Supplied information Block Start

lemma nonneg_combination_insert:
  assumes "finite I" "m \<notin> I" "nonneg_combination I v J w"
  shows "nonneg_combination (insert m I) v J w"
proof -
  obtain c where c: "\<forall>i\<in>I. 0 \<le> c i" "\<forall>j\<in>J. w j = (\<Sum>i\<in>I. c i * v i j)"
    using assms(3) by (auto simp: nonneg_combination_def)
  have "(\<Sum>i\<in>insert m I. (c(m := 0)) i * v i j) = (\<Sum>i\<in>I. c i * v i j)" for j
    using assms(1,2) by (auto intro!: sum.cong)
  then show ?thesis
    using c unfolding nonneg_combination_def by (intro exI[of _ "c(m := 0)"]) auto
qed

text \<open>Fourier--Motzkin elimination of the generator \<open>v m\<close>: every \<open>v i\<close> and \<open>w\<close> is
  replaced by its combination with \<open>v m\<close> that is annihilated by \<open>y\<close>.\<close>

lemma fourier_motzkin_eliminate:
  fixes v :: "'i \<Rightarrow> 'j \<Rightarrow> real"
  assumes "finite I" "m \<notin> I"
    and s: "\<And>i. s i = (\<Sum>j\<in>J. y j * v i j)" and "\<forall>i\<in>I. 0 \<le> s i" and "s m < 0"
    and yw: "yw = (\<Sum>j\<in>J. y j * w j)" "yw < 0"
    and "\<not> nonneg_combination (insert m I) v J w"
  shows "\<not> nonneg_combination I (\<lambda>i j. s i * v m j - s m * v i j) J (\<lambda>j. yw * v m j - s m * w j)"
proof
  assume "nonneg_combination I (\<lambda>i j. s i * v m j - s m * v i j) J (\<lambda>j. yw * v m j - s m * w j)"
  then obtain c where c0: "\<forall>i\<in>I. 0 \<le> c i"
    and c: "\<forall>j\<in>J. yw * v m j - s m * w j = (\<Sum>i\<in>I. c i * (s i * v m j - s m * v i j))"
    by (auto simp: nonneg_combination_def)
  define cs where "cs = (\<Sum>i\<in>I. c i * s i)"
  have "0 \<le> cs"
    unfolding cs_def using c0 assms(4) by (auto intro!: sum_nonneg)
  define c' where "c' = c(m := (cs - yw) / (- s m))"
  have "\<forall>i\<in>insert m I. 0 \<le> c' i"
    using c0 \<open>0 \<le> cs\<close> assms(5,7) by (auto simp: c'_def intro!: divide_nonneg_neg)
  moreover have "\<forall>j\<in>J. w j = (\<Sum>i\<in>insert m I. c' i * v i j)"
  proof
    fix j assume "j \<in> J"
    have "(\<Sum>i\<in>I. c i * (s i * v m j - s m * v i j)) = cs * v m j - s m * (\<Sum>i\<in>I. c i * v i j)"
      by (simp add: cs_def algebra_simps sum_subtractf sum_distrib_left sum_distrib_right)
    with c \<open>j \<in> J\<close> have "w j = (cs - yw) / (- s m) * v m j + (\<Sum>i\<in>I. c i * v i j)"
      using assms(5) by (auto simp: field_simps)
    also have "(\<Sum>i\<in>I. c i * v i j) = (\<Sum>i\<in>I. c' i * v i j)"
      using assms(2) by (intro sum.cong) (auto simp: c'_def)
    finally show "w j = (\<Sum>i\<in>insert m I. c' i * v i j)"
      using assms(1,2) by (simp add: c'_def)
  qed
  ultimately show False
    using assms(8) by (auto simp: nonneg_combination_def)
qed

lemma fourier_motzkin_lift:
  fixes v :: "'i \<Rightarrow> 'j \<Rightarrow> real"
  assumes s: "\<And>i. s i = (\<Sum>j\<in>J. y j * v i j)" and "\<forall>i\<in>I. 0 \<le> s i" and "s m < 0"
    and yw: "yw = (\<Sum>j\<in>J. y j * w j)"
    and y': "\<forall>i\<in>I. 0 \<le> (\<Sum>j\<in>J. y' j * (s i * v m j - s m * v i j))"
      "(\<Sum>j\<in>J. y' j * (yw * v m j - s m * w j)) < 0"
  shows "\<exists>z. (\<forall>i\<in>insert m I. 0 \<le> (\<Sum>j\<in>J. z j * v i j)) \<and> (\<Sum>j\<in>J. z j * w j) < 0"
proof -
  define t where "t = (\<Sum>j\<in>J. y' j * v m j)"
  define z where "z j = t * y j - s m * y' j" for j
  have z: "(\<Sum>j\<in>J. z j * u j) = t * (\<Sum>j\<in>J. y j * u j) - s m * (\<Sum>j\<in>J. y' j * u j)" for u
    by (simp add: z_def algebra_simps sum_subtractf sum_distrib_left)
  have y'_lin: "(\<Sum>j\<in>J. y' j * (p * v m j - q * u j)) = p * t - q * (\<Sum>j\<in>J. y' j * u j)" for p q u
    by (simp add: t_def algebra_simps sum_subtractf sum_distrib_left)
  have "0 \<le> (\<Sum>j\<in>J. z j * v i j)" if "i \<in> insert m I" for i
    using that
  proof
    assume "i = m"
    then show ?thesis by (simp add: z s[symmetric] t_def)
  next
    assume "i \<in> I"
    then show ?thesis using y'(1) by (simp add: z y'_lin s[symmetric] mult.commute)
  qed
  moreover have "(\<Sum>j\<in>J. z j * w j) = (\<Sum>j\<in>J. y' j * (yw * v m j - s m * w j))"
    unfolding z y'_lin yw by (simp add: mult.commute)
  then have "(\<Sum>j\<in>J. z j * w j) < 0"
    using y'(2) by simp
  ultimately show ?thesis by blast
qed

lemma farkas_coordinates:
  fixes v :: "'i \<Rightarrow> 'j \<Rightarrow> real"
  assumes "finite I" "finite J" "\<not> nonneg_combination I v J w"
  shows "\<exists>y. (\<forall>i\<in>I. 0 \<le> (\<Sum>j\<in>J. y j * v i j)) \<and> (\<Sum>j\<in>J. y j * w j) < 0"
  using assms(1,3)
proof (induction I arbitrary: v w rule: finite_induct)
  case empty
  then obtain j where j: "j \<in> J" "w j \<noteq> 0"
    by (auto simp: nonneg_combination_def)
  have "0 < (\<Sum>j\<in>J. w j * w j)"
    using j by (intro sum_pos2[OF assms(2) j(1)]) (auto simp: zero_less_mult_iff linorder_neq_iff)
  then show ?case
    by (intro exI[of _ "\<lambda>j. - w j"]) (simp add: sum_negf)
next
  case (insert m I)
  have "\<not> nonneg_combination I v J w"
    using nonneg_combination_insert[OF insert.hyps] insert.prems by blast
  with insert.IH obtain y where
    y: "\<forall>i\<in>I. 0 \<le> (\<Sum>j\<in>J. y j * v i j)" "(\<Sum>j\<in>J. y j * w j) < 0"
    by blast
  define s where "s i = (\<Sum>j\<in>J. y j * v i j)" for i
  define yw where "yw = (\<Sum>j\<in>J. y j * w j)"
  show ?case
  proof (cases "0 \<le> s m")
    case True
    then show ?thesis using y by (auto simp: s_def)
  next
    case False
    have "\<not> nonneg_combination I (\<lambda>i j. s i * v m j - s m * v i j) J (\<lambda>j. yw * v m j - s m * w j)"
      using False y insert.hyps insert.prems
      by (intro fourier_motzkin_eliminate[where y = y and s = s and yw = yw]) (auto simp: s_def yw_def)
    with insert.IH obtain y' where
      "\<forall>i\<in>I. 0 \<le> (\<Sum>j\<in>J. y' j * (s i * v m j - s m * v i j))"
      "(\<Sum>j\<in>J. y' j * (yw * v m j - s m * w j)) < 0"
      by blast
    then show ?thesis
      using False y by (intro fourier_motzkin_lift[where y = y and s = s and yw = yw]) (auto simp: s_def yw_def)
  qed
qed

lemma farkas_euclidean:
  fixes q :: "'k \<Rightarrow> 'b::euclidean_space"
  assumes "finite K" and "\<not> (\<exists>c. (\<forall>k\<in>K. 0 \<le> c k) \<and> p = (\<Sum>k\<in>K. c k *\<^sub>R q k))"
  shows "\<exists>y. (\<forall>k\<in>K. 0 \<le> y \<bullet> q k) \<and> y \<bullet> p < 0"
proof -
  have "\<not> nonneg_combination K (\<lambda>k j. q k \<bullet> j) Basis (\<lambda>j. p \<bullet> j)"
  proof
    assume "nonneg_combination K (\<lambda>k j. q k \<bullet> j) Basis (\<lambda>j. p \<bullet> j)"
    then obtain c where "\<forall>k\<in>K. 0 \<le> c k" "\<forall>j\<in>Basis. p \<bullet> j = (\<Sum>k\<in>K. c k * (q k \<bullet> j))"
      by (auto simp: nonneg_combination_def)
    moreover from this(2) have "p = (\<Sum>k\<in>K. c k *\<^sub>R q k)"
      by (auto intro: euclidean_eqI simp: inner_sum_left)
    ultimately show False
      using assms(2) by blast
  qed
  from farkas_coordinates[OF assms(1) finite_Basis this] obtain y where
    y: "\<forall>k\<in>K. 0 \<le> (\<Sum>j\<in>Basis. y j * (q k \<bullet> j))" "(\<Sum>j\<in>Basis. y j * (p \<bullet> j)) < 0"
    by blast
  define Y where "Y = (\<Sum>j\<in>Basis. y j *\<^sub>R j)"
  have "Y \<bullet> u = (\<Sum>j\<in>Basis. y j * (u \<bullet> j))" for u
    unfolding Y_def inner_sum_left by (simp add: inner_commute)
  with y show ?thesis
    by (intro exI[of _ Y]) simp
qed

lemma sum_insert_None:
  "finite F \<Longrightarrow> (\<Sum>k\<in>insert None (Some ` F). g k) = g None + (\<Sum>h\<in>F. g (Some h))"
  by (simp add: sum.reindex)

lemma farkas_pairs:
  fixes aa :: "'h \<Rightarrow> 'a::euclidean_space"
  assumes "finite F"
    and "\<not> (\<exists>c0 \<mu>. 0 \<le> c0 \<and> (\<forall>h\<in>F. 0 \<le> \<mu> h) \<and>
            p = c0 *\<^sub>R g + (\<Sum>h\<in>F. \<mu> h *\<^sub>R aa h) \<and> r = c0 * e + (\<Sum>h\<in>F. \<mu> h * bb h))"
  shows "\<exists>Y t. 0 \<le> Y \<bullet> g + t * e \<and> (\<forall>h\<in>F. 0 \<le> Y \<bullet> aa h + t * bb h) \<and> Y \<bullet> p + t * r < 0"
proof -
  define q where "q k = (case k of None \<Rightarrow> (g, e) | Some h \<Rightarrow> (aa h, bb h))" for k
  let ?K = "insert None (Some ` F)"
  have "\<not> (\<exists>c. (\<forall>k\<in>?K. 0 \<le> c k) \<and> (p, r) = (\<Sum>k\<in>?K. c k *\<^sub>R q k))"
  proof clarify
    fix c assume "\<forall>k\<in>?K. 0 \<le> c k" "(p, r) = (\<Sum>k\<in>?K. c k *\<^sub>R q k)"
    moreover from this(2) have "(p, r) = c None *\<^sub>R (g, e) + (\<Sum>h\<in>F. c (Some h) *\<^sub>R (aa h, bb h))"
      by (simp add: sum_insert_None[OF assms(1)] q_def)
    then have "p = c None *\<^sub>R g + (\<Sum>h\<in>F. c (Some h) *\<^sub>R aa h)"
      "r = c None * e + (\<Sum>h\<in>F. c (Some h) * bb h)"
      by (simp_all add: prod_eq_iff fst_sum snd_sum)
    ultimately show False
      using assms(2) by (auto simp only: not_ex dest!: spec[of _ "c None"] spec[of _ "\<lambda>h. c (Some h)"])
  qed
  moreover have "finite ?K"
    using assms(1) by simp
  ultimately obtain y where y: "\<forall>k\<in>?K. 0 \<le> y \<bullet> q k" "y \<bullet> (p, r) < 0"
    using farkas_euclidean by blast
  obtain Y t where "y = (Y, t)"
    by fastforce
  with y show ?thesis
    by (intro exI[of _ Y] exI[of _ t]) (simp add: q_def)
qed

lemma farkas_RA_times_real:
  fixes q :: "'k \<Rightarrow> ('a \<Rightarrow> real) \<times> real"
  assumes "finite A" and "finite K"
    and "\<not> (\<exists>c c0. (\<forall>k\<in>K. 0 \<le> c k) \<and> 0 \<le> c0 \<and>
            (\<forall>a\<in>A. fst p a = (\<Sum>k\<in>K. c k * fst (q k) a)) \<and> snd p = (\<Sum>k\<in>K. c k * snd (q k)) + c0)"
  shows "\<exists>y t. 0 \<le> t \<and> (\<forall>k\<in>K. 0 \<le> (\<Sum>a\<in>A. y a * fst (q k) a) + t * snd (q k)) \<and>
           (\<Sum>a\<in>A. y a * fst p a) + t * snd p < 0"
proof -
  define coord where "coord u j = (case j of None \<Rightarrow> snd u | Some a \<Rightarrow> fst u a)"
    for u :: "('a \<Rightarrow> real) \<times> real" and j
  define gen where "gen i = (case i of None \<Rightarrow> ((\<lambda>_. 0), 1) | Some k \<Rightarrow> q k)" for i
  let ?I = "insert None (Some ` K)" and ?J = "insert None (Some ` A)"
  have pairing: "(\<Sum>j\<in>?J. y j * coord u j) = (\<Sum>a\<in>A. y (Some a) * fst u a) + y None * snd u" for y u
    by (simp add: sum_insert_None[OF assms(1)] coord_def)
  have "\<not> nonneg_combination ?I (\<lambda>i. coord (gen i)) ?J (coord p)"
  proof
    assume "nonneg_combination ?I (\<lambda>i. coord (gen i)) ?J (coord p)"
    then obtain c where c: "\<forall>i\<in>?I. 0 \<le> c i" "\<forall>j\<in>?J. coord p j = (\<Sum>i\<in>?I. c i * coord (gen i) j)"
      by (auto simp: nonneg_combination_def)
    have "\<forall>a\<in>A. fst p a = (\<Sum>k\<in>K. c (Some k) * fst (q k) a)"
      using c(2) by (auto simp: sum_insert_None[OF assms(2)] coord_def gen_def)
    moreover have "snd p = (\<Sum>k\<in>K. c (Some k) * snd (q k)) + c None"
      using c(2)[rule_format, of None] by (simp add: sum_insert_None[OF assms(2)] coord_def gen_def)
    moreover have "\<forall>k\<in>K. 0 \<le> c (Some k)" "0 \<le> c None"
      using c(1) by auto
    ultimately show False
      using assms(3) by (auto simp only: not_ex dest!: spec[of _ "\<lambda>k. c (Some k)"] spec[of _ "c None"])
  qed
  from farkas_coordinates[OF _ _ this] obtain y where
    y: "\<forall>i\<in>?I. 0 \<le> (\<Sum>j\<in>?J. y j * coord (gen i) j)" "(\<Sum>j\<in>?J. y j * coord p j) < 0"
    using assms(1,2) by blast
  moreover have "0 \<le> y None"
    using y(1)[rule_format, of None] by (simp add: pairing gen_def)
  ultimately show ?thesis
    by (intro exI[of _ "\<lambda>a. y (Some a)"] exI[of _ "y None"]) (simp add: pairing gen_def)
qed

Supplied information Block End

> Work request: Filter the entries and copy each line with "this".

> Answer area:
    moreover from this(2) have "p = (\<Sum>k\<in>K. c k *\<^sub>R q k)"
  from farkas_coordinates[OF assms(1) finite_Basis this] obtain y where
    moreover from this(2) have "(p, r) = c None *\<^sub>R (g, e) + (\<Sum>h\<in>F. c (Some h) *\<^sub>R (aa h, bb h))"
  from farkas_coordinates[OF _ _ this] obtain y where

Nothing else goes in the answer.